I was on the infrastructure team responsible for making this happen. We had 47 different service types, running on instance sizes ranging from t3.small to r5.24xlarge. Some services were stateless and could handle rolling restarts. Others maintained in-memory state and needed careful coordination. A few were single points of failure that required manual intervention.
The Deceptively Simple Plan
The initial design review lasted about 30 minutes:
- Use infrastructure-as-code tooling to orchestrate the rollout
- Deploy in waves across regions
- Leverage existing deployment tools
- Monitor and rollback if needed
The plan looked solid on the whiteboard. It didn't survive contact with reality.

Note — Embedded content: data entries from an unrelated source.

lemma opnorm_le:
  assumes "\<And>\<xi>. \<xi> \<in> ell2 \<Longrightarrow> l2norm (T \<xi>) \<le> C * l2norm \<xi>"
  shows "opnorm T \<le> C"
  unfolding opnorm_def
proof (rule cSup_least)
  have "l2norm (T (delta_at k)) / l2norm (delta_at k) \<in>
      {l2norm (T \<xi>) / l2norm \<xi> | \<xi>. \<xi> \<in> ell2 \<and> \<xi> \<noteq> (\<lambda>_. 0)}" for k
    by (intro CollectI exI[of _ "delta_at k"]) (simp add: delta_at_ell2(1) delta_at_nonzero)
  then show "{l2norm (T \<xi>) / l2norm \<xi> | \<xi>. \<xi> \<in> ell2 \<and> \<xi> \<noteq> (\<lambda>_. 0)} \<noteq> {}"
    by (metis empty_iff)
next
  fix r assume "r \<in> {l2norm (T \<xi>) / l2norm \<xi> | \<xi>. \<xi> \<in> ell2 \<and> \<xi> \<noteq> (\<lambda>_. 0)}"
  then obtain \<xi> where r: "r = l2norm (T \<xi>) / l2norm \<xi>" "\<xi> \<in> ell2" "\<xi> \<noteq> (\<lambda>_. 0)"
    unfolding mem_Collect_eq by (elim exE conjE)
  show "r \<le> C" unfolding r(1) using assms[OF r(2)] l2norm_pos[OF r(2,3)]
    by (simp add: pos_divide_le_eq)
qed

lemma opnorm_nonneg:
  assumes "bounded_op T"
  shows "opnorm T \<ge> 0"
proof -
  have "0 \<le> l2norm (T (delta_at k))" for k by (rule l2norm_nonneg)
  also have "l2norm (T (delta_at k)) \<le> opnorm T" for k
    using l2norm_le_opnorm[OF assms delta_at_ell2(1)] by (simp add: delta_at_ell2(2))
  finally show ?thesis .
qed

lemma bounded_op_add:
  fixes T S :: "'g op"
  assumes "bounded_op T" "bounded_op S"
  shows "bounded_op (\<lambda>\<xi> h. T \<xi> h + S \<xi> h)"
proof (rule bounded_opI[where M="opnorm T + opnorm S"])
  fix \<xi> :: "'g \<Rightarrow> complex" assume \<xi>: "\<xi> \<in> ell2"
  have T\<xi>: "T \<xi> \<in> ell2" and S\<xi>: "S \<xi> \<in> ell2"
    using bounded_opD[OF assms(1) \<xi>] bounded_opD[OF assms(2) \<xi>] .
  then show "(\<lambda>h. T \<xi> h + S \<xi> h) \<in> ell2" by (rule ell2_add)
  show "l2norm (\<lambda>h. T \<xi> h + S \<xi> h) \<le> (opnorm T + opnorm S) * l2norm \<xi>"
    using ell2_add(2)[OF T\<xi> S\<xi>] l2norm_le_opnorm[OF assms(1) \<xi>] l2norm_le_opnorm[OF assms(2) \<xi>]
    by (simp add: distrib_right)
qed

lemma bounded_op_scale:
  fixes T :: "'g op"
  assumes "bounded_op T"
  shows "bounded_op (\<lambda>\<xi> h. c * T \<xi> h)"
proof (rule bounded_opI[where M="cmod c * opnorm T"])
  fix \<xi> :: "'g \<Rightarrow> complex" assume \<xi>: "\<xi> \<in> ell2"
  have T\<xi>: "T \<xi> \<in> ell2" by (rule bounded_opD[OF assms \<xi>])
  then show "(\<lambda>h. c * T \<xi> h) \<in> ell2" by (rule ell2_scale)
  show "l2norm (\<lambda>h. c * T \<xi> h) \<le> cmod c * opnorm T * l2norm \<xi>"
    using ell2_scale(2)[OF T\<xi>] mult_left_mono[OF l2norm_le_opnorm[OF assms \<xi>] norm_ge_zero[of c]]
    by (simp add: mult.assoc)
qed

Our initial estimate was 48 hours. The actual time: 11 days. Most of that was debugging, retrying, and recovering from partial failures.
When Infrastructure-as-Code Hits Its Limits
The CloudFormation Problem
CloudFormation handles rolling updates well for typical deployments. You specify an UpdatePolicy, set a batch size, and let AWS handle it. For 100 instances, it's elegant.

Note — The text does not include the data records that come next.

lemma equivclp_map:
  assumes "equivclp r x y" and "\<And>a b. r a b \<Longrightarrow> r (f a) (f b)"
  shows "equivclp r (f x) (f y)"
  using assms(1) by induction (auto intro: equivclp_into_equivclp assms(2))

lemma freely_eq_equivclp: "freely_eq = equivclp reduce1"
  by (simp add: freely_eq_def equivclp_def symclp_pointfree)

lemma freely_eq_refl [simp]: "freely_eq w w"
  by (simp add: freely_eq_equivclp)

lemma freely_eq_sym: "freely_eq u v \<Longrightarrow> freely_eq v u"
  by (simp add: freely_eq_equivclp equivclp_sym)

lemma freely_eq_trans [trans]: "freely_eq u v \<Longrightarrow> freely_eq v w \<Longrightarrow> freely_eq u w"
  unfolding freely_eq_equivclp by (rule equivclp_trans)

lemma reduce1_append_both: "reduce1 u v \<Longrightarrow> reduce1 (a @ u @ b) (a @ v @ b)"
  by (induction rule: reduce1.induct) (metis append.assoc reduce1.intros)

lemma reduce1_inv_word: "reduce1 u v \<Longrightarrow> reduce1 (inv_word u) (inv_word v)"
proof (induction rule: reduce1.induct)
  case (1 xs a b ys)
  have "reduce1 (inv_word ys @ [(a, b), (a, \<not> b)] @ inv_word xs) (inv_word ys @ inv_word xs)"
    by (rule reduce1.intros)
  then show ?case by (simp add: inv_letter_def)
qed

lemma freely_eq_append_both: "freely_eq u v \<Longrightarrow> freely_eq (a @ u @ b) (a @ v @ b)"
  unfolding freely_eq_equivclp by (erule equivclp_map) (rule reduce1_append_both)

lemma freely_eq_inv_word: "freely_eq u v \<Longrightarrow> freely_eq (inv_word u) (inv_word v)"
  unfolding freely_eq_equivclp by (erule equivclp_map) (rule reduce1_inv_word)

For 25,000 instances across a dozen regions? The elegance breaks down.
Resources:
AutoScalingGroup:
Type: AWS::AutoScaling::AutoScalingGroup
UpdatePolicy:
AutoScalingRollingUpdate:
MaxBatchSize: 10
MinInstancesInService: 95%
PauseTime: PT5M
WaitOnResourceSignals: true
SuspendProcesses:
- HealthCheck
- ReplaceUnhealthy
This configuration works, slowly, until you hit reality:
API throttling. CloudFormation makes dozens of API calls per instance update. At 25,000 instances, you're making hundreds of thousands of API calls. AWS rate limits kick in. Your stack update stalls. You can't even check status because DescribeStacks is also throttled.
Stack update timeouts. CloudFormation stack updates have a default timeout. Large stacks with rolling updates can exceed it. When they do, the update fails, and now you have a partially-updated fleet with no clear rollback path.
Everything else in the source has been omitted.